Time to grab your sun tan lotions and head off to the beach! You wish! Though I am one of those crazy people that will go for a boxing day swim in the sea. Don’t worry I haven’t gone completely mad, I am still aware its Christmas time. Last week I reminded you of the need to tell the story and be open to the Holy Spirit to bring a freshness into the Christmas Good News. One thing that strikes me about the whole Good News, the whole Gospel is that it is full of the unexpected. Who would have expected God’s Son to come as a poor, illegitimate refugee? Who would have expected the Messiah’s message would have been one of love? Who would have expected that he would have revealed a way into a relationship with the Father by Grace? Who would have believed his preference for the poor and marginalized, his value on women and children? Who would have expected the company he kept or would have second guessed who it would be he would most criticize?
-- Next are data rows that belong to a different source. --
lemma diff_op_iff_terms:
  fixes D :: "'n::finite fn \<Rightarrow> 'n fn"
  shows "diff_op D \<longleftrightarrow> (\<exists>L. smooth_terms L \<and> (\<forall>h. smooth h \<longrightarrow> D h = eval_terms L h))"
proof
  assume "diff_op D"
  then obtain k a where a: "\<forall>is. smooth (a is)"
    "\<forall>f. smooth f \<longrightarrow> D f = (\<lambda>x. \<Sum>is\<in>{is::'n list. length is \<le> k}. a is x * iter_pd is f x)"
    unfolding diff_op_def by blast
  obtain xs where xs: "set xs = {is::'n list. length is \<le> k}" "distinct xs"
    using finite_distinct_list[OF finite_multi_indices] by blast
  show "\<exists>L. smooth_terms L \<and> (\<forall>h. smooth h \<longrightarrow> D h = eval_terms L h)"
    by (intro exI[of _ "map (\<lambda>is. (a is, is)) xs"])
      (simp add: a xs smooth_terms_def eval_terms_def o_def sum_list_distinct_conv_sum_set)
next
  assume "\<exists>L. smooth_terms L \<and> (\<forall>h. smooth h \<longrightarrow> D h = eval_terms L h)"
  then obtain L where L: "smooth_terms L" "\<And>h. smooth h \<Longrightarrow> D h = eval_terms L h"
    by blast
  define k where "k = Max (insert 0 (length ` snd ` set L))"
  define a where "a is = (\<lambda>x. \<Sum>(c, js)\<leftarrow>filter (\<lambda>(c, js). js = is) L. c x)" for "is"
  have "\<forall>(c, js)\<in>set L. js \<in> {is::'n list. length is \<le> k}"
    unfolding k_def by (auto intro!: Max_ge simp: image_iff) (metis snd_conv)
  note collect = sum_collect_terms[OF finite_multi_indices this]
  have "smooth (a is)" for "is"
    unfolding a_def using L(1) by (intro smooth_sum_coefficients) (auto simp: smooth_terms_def)
  moreover have "D f = (\<lambda>x. \<Sum>is\<in>{is::'n list. length is \<le> k}. a is x * iter_pd is f x)"
    if "smooth f" for f
    using L(2)[OF that] collect by (simp add: a_def eval_terms_def fun_eq_iff)
  ultimately show "diff_op D"
    unfolding diff_op_def by blast
qed

lemma diff_op_id: "diff_op (\<lambda>h. h)"
  unfolding diff_op_iff_terms
  by (intro exI[of _ "[(\<lambda>_. 1, [])]"]) (simp add: eval_terms_def smooth_const)

lemma diff_op_comp:
  assumes "diff_op D" "diff_op E"
  shows "diff_op (\<lambda>h. D (E h))"
proof -
  obtain L where L: "smooth_terms L" "\<And>h. smooth h \<Longrightarrow> D h = eval_terms L h"
    using assms(1) by (auto simp: diff_op_iff_terms)
  obtain M where M: "smooth_terms M" "\<And>h. smooth h \<Longrightarrow> E h = eval_terms M h"
    using assms(2) by (auto simp: diff_op_iff_terms)
  show ?thesis
    unfolding diff_op_iff_terms
    by (intro exI[of _ "comp_terms L M"])
      (simp add: L M smooth_terms_comp_terms eval_comp_terms smooth_eval_terms)
qed

lemma diff_op_uminus: "diff_op D \<Longrightarrow> diff_op (\<lambda>h x. - D h x)"
  unfolding diff_op_iff_terms
  by (elim exE, rule exI[of _ "scale_terms (\<lambda>_. -1) _"])
    (auto simp: smooth_terms_scale_terms smooth_const eval_scale_terms)

lemma diff_op_sum:
  "finite A \<Longrightarrow> (\<And>s. s \<in> A \<Longrightarrow> diff_op (D s)) \<Longrightarrow> diff_op (\<lambda>h x. \<Sum>s\<in>A. D s h x)"
proof (induction A rule: finite_induct)
  case empty
  show ?case
    unfolding diff_op_iff_terms by (intro exI[of _ "[]"]) (simp add: smooth_terms_def)
next
  case (insert a A)
  obtain L where "smooth_terms L" "\<And>h. smooth h \<Longrightarrow> D a h = eval_terms L h"
    using insert.prems by (auto simp: diff_op_iff_terms)
  moreover obtain M where "smooth_terms M"
    "\<And>h. smooth h \<Longrightarrow> (\<lambda>x. \<Sum>s\<in>A. D s h x) = eval_terms M h"
    using insert by (auto simp: diff_op_iff_terms)
  ultimately show ?case
    unfolding diff_op_iff_terms using insert.hyps
    by (intro exI[of _ "L @ M"]) (auto simp: fun_eq_iff eval_terms_append dest: fun_cong)
qed

fun inverse_ops :: "(nat \<Rightarrow> 'n fn \<Rightarrow> 'n fn) \<Rightarrow> nat \<Rightarrow> 'n fn \<Rightarrow> 'n fn" where
  "inverse_ops \<rho> 0 h = h"
| "inverse_ops \<rho> (Suc r) h = (\<lambda>x. - (\<Sum>s\<le>r. inverse_ops \<rho> s (\<rho> (Suc r - s) h) x))"

lemma apply_ser_inverse_ops:
  "apply_ser (inverse_ops \<rho>) (\<lambda>r. if r = 0 then h else \<rho> r h) = (\<lambda>r x. if r = 0 then h x else 0)"
proof (intro ext)
  fix r x
  show "apply_ser (inverse_ops \<rho>) (\<lambda>r. if r = 0 then h else \<rho> r h) r x
      = (if r = 0 then h x else 0)"
  proof (cases r)
    case (Suc m)
    let ?F = "\<lambda>r. if r = 0 then h else \<rho> r h"
    have "apply_ser (inverse_ops \<rho>) ?F r x
        = (\<Sum>s\<le>m. inverse_ops \<rho> s (?F (Suc m - s)) x) + inverse_ops \<rho> (Suc m) (?F 0) x"
      by (simp only: apply_ser_def Suc sum.atMost_Suc diff_self_eq_0)
    also have "\<dots> = (\<Sum>s\<le>m. inverse_ops \<rho> s (\<rho> (Suc m - s) h) x) + inverse_ops \<rho> (Suc m) h x"
      by (intro arg_cong2[where f = "(+)"] sum.cong) auto
    also have "\<dots> = 0"
      by (simp only: inverse_ops.simps)
    finally show ?thesis using Suc by simp
  qed (simp add: apply_ser_def)
qed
It’s all too easy for us with the benefit of the New Testament and over 2,000 years distance to think we would have been more ready for his coming. And if the truth be known, he still catches us unawares again and again. His spirit blows where he wills and I for one would say that he continues to surprise me but I am so glad he does. Sometimes following the Lord feels like a rollercoaster, but that’s the thrill of it!

I do pray you will be surprised by him this Christmas. I don’t know what next year will bring. For some it will be an amazing year of fruitfulness, for others a year of heartache but I know he will be with you all in equal measure and whatever surprises are there for us, they will be opportunities to discover the Grace of God and the Joy of serving the Master.

In Christ I desire for you a Blessed Christmas and a Joyous New Year.

Monday, December 14, 2009

It's Christmas time, and time is running out

It’s hard for me to think about Christmas time without thinking of a Sketch I did as a teenager that seems imbedded in my mind. I played the Vicar and the particular line that has come back to haunt me is – “This year I’m going to preach a meaningful Christmas sermon, I will not have Darth Vader or Tinky Winky, La La or Po in the pulpit, nor will I ruin my sermon notes with one of those dolls that wets themselves! I will think through everything carefully beforehand, and preach on the relevance of the birth of Christ to the modern world. If only I had time!”

I have a narrator’s part in a production this year, but won’t be preaching and so I don’t even have to face the temptation of going to the file of old material after hours of trying to come up with something original. And so my thoughts are with you because I do know the agony of trying to get it just right each Christmas. Of tying to present the Christmas message in a new and relevant and fresh way.

How do you say anything new? Anything that will so impact your congregation in such a way that will stop them in their tracks and cause them to think WOW! I never thought of it like that! and will have such an effect on them that they live their lives in a whole new way as a result of hearing you.

But it’s about you or me, it’s about Jesus. The Christmas story about Jesus is just so amazing that we want people to see it that way too!

The trouble is it’s near enough impossible to say anything new. It’s all been said! How do you improve on 2,000 years of storytelling? It’s newness depends on its freshness, and it’s freshness depends on openness – an openness on our part to hear God speak.

My advice for what it’s worth – just tell the story - and invest the time you could spend in coming up with something new in prayer for that openness of spirit that will allow God’s Spirit to bring Jesus into lives in a fresh way!